Next we plot the 2D histograms for each degree of freedom. These should be reasonably circular.

In [13]:
f, (ah1, ah2) = plt.subplots(1,2)
ah1.set_xlabel('$x$')
ah1.set_ylabel('$v_x$')
ah2.set_xlabel('$y$')
ah2.set_ylabel('$v_y$')
hist1plt = ah1.imshow(hist1.T, extent=[xb1[0],xb1[-1],yb1[0],yb1[-1]], interpolation='nearest')
hist2plt = ah2.imshow(hist2.T, extent=[xb2[0],xb2[-1],yb2[0],yb2[-1]], interpolation='nearest')


The two plots above should look reasonably similar to each other, although the axes will depend on your choice of $m$ and $\omega$.

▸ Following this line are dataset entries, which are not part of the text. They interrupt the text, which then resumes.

lemma readout_decoder_layers:
  "affine_map 8 readout_matrix readout_bias (fold (relu_layer 8) decoder_layers (relu_features p))
   = coords (E_of_diamond p)"
proof -
  obtain c s where p: "p = (c, s)"
    by fastforce
  define a where "a = 3 * (1 - c) / 4"
  define b where "b = (2 + 3 * s) / 4"
  define m where "m = a - max 0 (a - b)"
  define u where "u = relu_layer 8 (decoder_layers ! 0) (relu_features (c, s))"
  define v where "v = relu_layer 8 (decoder_layers ! 1) u"
  define w where "w = relu_layer 8 (decoder_layers ! 2) v"
  have c: "max 0 c - max 0 (- c) = c" and s: "max 0 s - max 0 (- s) = s"
    by (simp_all add: max_0_sub_max_0_neg)
  have "3/4 * max 0 c - 3/4 * max 0 (- c) + 1/4 = 1 - a"
    and "- 3/4 * max 0 c + 3/4 * max 0 (- c) - 3/4 * max 0 s + 3/4 * max 0 (- s) + 1/4 = a - b"
    using c s by (simp_all add: a_def b_def field_simps)
  then have u: "u 0 = max 0 (1 - a)" "u 1 = max 0 (a - b)" "u 2 - u 3 = c" "u 4 - u 5 = s"
    using c s unfolding u_def decoder_layer_values relu_features_values by simp_all
  have "- u 1 - 3/4 * u 2 + 3/4 * u 3 + 3/4 = m"
    and "u 1 + 3/4 * u 2 - 3/4 * u 3 - 3/4 = - m"
    and "- u 1 + 1/4 * u 2 - 1/4 * u 3 - u 4 + u 5 - 1/4 = m - (1 - c + s)"
    using u by (simp_all add: m_def a_def field_simps)
  then have v: "v 0 = max 0 (1 - a)" "v 1 = max 0 m" "v 2 = max 0 (- m)" "v 3 = max 0 (m - (1 - c + s))"
    using u unfolding v_def decoder_layer_values by simp_all
  have "v 1 - v 2 - v 3 = min m (1 - c + s)"
    using v max_0_sub_max_0_neg[of m] by (simp add: min_eq_sub_max_0[of m])
  then have w: "w 0 = max 0 (1 - a)" "w 1 = max 0 (min m (1 - c + s))"
    using v unfolding w_def decoder_layer_values by simp_all
  have "fold (relu_layer 8) decoder_layers (relu_features (c, s)) = w"
    by (simp add: w_def v_def u_def decoder_layers_def)
  moreover have "coords (E_of_diamond (c, s)) =
      (\<lambda>i. if i = 0 then 1 - max 0 (1 - a) else if i = 1 then max 0 (min m (1 - c + s)) else 0)"
    by (auto simp: fun_eq_iff coords_def E_of_diamond_def m_def a_def b_def min_eq_sub_max_0)
  ultimately show ?thesis
    unfolding p by (simp only: affine_map_readout w)
qed

definition E_orbit_layers :: "nat \<Rightarrow> ((nat \<Rightarrow> nat \<Rightarrow> real) \<times> (nat \<Rightarrow> real)) list" where
  "E_orbit_layers n = encoder_layers @ replicate n double_layer @ decoder_layers"

lemma relu_net_E_orbit_layers:
  assumes "t \<in> {0..1}"
  shows "relu_net 1 8 2 (E_orbit_layers n) readout_matrix readout_bias (\<lambda>_. t) =
         coords (E_map ((r_map ^^ n) t))"
proof -
  have doubling: "(relu_layer 8 double_layer ^^ n) (relu_features p) =
                  relu_features ((diamond_double ^^ n) p)" for p
    by (rule funpow_semiconj[where S = UNIV]) (simp_all add: relu_layer_double_layer)
  have "encoder_layers \<noteq> []"
    by (simp add: encoder_layers_def)
  have "hidden_eval 1 8 (E_orbit_layers n) (\<lambda>_. t) =
      fold (relu_layer 8) (replicate n double_layer @ decoder_layers) (relu_features (diamond t))"
    by (simp only: E_orbit_layers_def hidden_eval_append[OF \<open>encoder_layers \<noteq> []\<close>]
        hidden_eval_encoder_layers[OF assms] hidden_eval_eq_fold)
  also have "\<dots> = fold (relu_layer 8) decoder_layers (relu_features ((diamond_double ^^ n) (diamond t)))"
    by (simp add: doubling)
  also have "\<dots> = fold (relu_layer 8) decoder_layers (relu_features (diamond ((r_map ^^ n) t)))"
    using funpow_semiconj[OF _ r_map_image assms, of diamond_double diamond] diamond_double_diamond
    by simp
  finally have hidden: "hidden_eval 1 8 (E_orbit_layers n) (\<lambda>_. t) =
      fold (relu_layer 8) decoder_layers (relu_features (diamond ((r_map ^^ n) t)))" .
  have "(r_map ^^ n) t \<in> {0..1}"
    using funpow_image_subset[OF r_map_image assms] .
  moreover have "E_orbit_layers n \<noteq> []"
    by (simp add: E_orbit_layers_def encoder_layers_def)
  ultimately show ?thesis
    unfolding relu_net_def hidden
    by (intro ext) (simp add: readout_decoder_layers E_of_diamond_diamond coords_def)
qed

lemma E_orbit_network:
  "\<exists>g \<in> Upsilon 8 (n + 5) 1 2. \<forall>t\<in>{0..1}. g (\<lambda>_. t) = coords (E_map ((r_map ^^ n) t))"
proof -
  have "length (E_orbit_layers n) = n + 5"
    by (simp add: E_orbit_layers_def encoder_layers_def decoder_layers_def)
  then show ?thesis
    unfolding Upsilon_def using relu_net_E_orbit_layers by blast
qed

lemma input2_eq_stack: "input2 x y = stack 1 (\<lambda>_. x) (\<lambda>_. y)"
  by (auto simp: fun_eq_iff input2_def stack_def)

lemma z_n_eq_stack: "z_n F n x y = stack 2 (coords ((F ^^ n) (E_map x))) (coords ((F ^^ n) (E_map y)))"
  by (auto simp: fun_eq_iff z_n_def stack_def coords_def)

theorem mainTheorem7:
  fixes k :: nat
  shows "\<exists>C0 C1 :: nat. C0 > 0 \<and> C1 > 0 \<and>
    (\<forall>F :: real^2 \<Rightarrow> real^2.
       cpwl_pieces F k \<and> (\<forall>t\<in>{0..1}. F (E_map t) = E_map (r_map t)) \<longrightarrow>
       (\<forall>n::nat. n \<ge> 1 \<longrightarrow>
          (\<exists>g \<in> Upsilon C0 (C1 * n) 2 4.
             \<forall>x\<in>{0..1}. \<forall>y\<in>{0..1}. g (input2 x y) = z_n F n x y)))"
proof -
  have "\<exists>h \<in> Upsilon 16 (6 * n) 2 4. \<forall>x\<in>{0..1}. \<forall>y\<in>{0..1}. h (input2 x y) = z_n F n x y"
    if semiconj: "\<forall>t\<in>{0..1}. F (E_map t) = E_map (r_map t)" and "n \<ge> 1"
    for F :: "real^2 \<Rightarrow> real^2" and n :: nat
  proof -
    obtain g where "g \<in> Upsilon 8 (n + 5) 1 2"
      and g: "\<forall>t\<in>{0..1}. g (\<lambda>_. t) = coords (E_map ((r_map ^^ n) t))"
      using E_orbit_network by blast
    then have "g \<in> Upsilon 8 (6 * n) 1 2"
      using Upsilon_depth_mono[of "n + 5" "6 * n" 8 1 2] \<open>n \<ge> 1\<close> by auto
    then obtain h where "h \<in> Upsilon 16 (6 * n) 2 4" and h: "\<forall>u v. h (stack 1 u v) = stack 2 (g u) (g v)"
      using Upsilon_parallel[of g 8 "6 * n" 1 2] by auto
    moreover have "h (input2 x y) = z_n F n x y" if "x \<in> {0..1}" "y \<in> {0..1}" for x y
      using that h g funpow_semiconj[OF semiconj r_map_image]
      by (simp add: input2_eq_stack z_n_eq_stack)
    ultimately show ?thesis
      by blast
  qed
  then show ?thesis
    by (intro exI[of _ 16] exI[of _ 6]) auto
qed

end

The final plot is of the kinetic energy information:

In [14]:
timeseries = [sim.integ.dt*sim.n_steps_per_frame*i for i in range(nframes)]
inst_KE, = plt.plot(timeseries[::nframes//1000], instantaneous_ke[::nframes//1000], 'ko', label='instantaneous KE',markersize=2)

ke_1 = plt.plot(timeseries, cumulative_ke_1, 'r-', label='cumulative KE, x', linewidth=3)
ke_2 = plt.plot(timeseries, cumulative_ke_2, 'b-', label='cumulative KE, y', linewidth=3)
leg = plt.legend(prop={'size' : 12}, handler_map={inst_KE: HandlerLine2D(numpoints=1)})
plt.xlabel('time');
plt.ylabel('kinetic energy');


The cumulative kinetic energy for each degree of freedom should converge to the same value, which should be half the temperature (since we have $k_\text{B}=1$). The instantaneous values of the kinetic energy should suggest a longer tail.

In [ ]: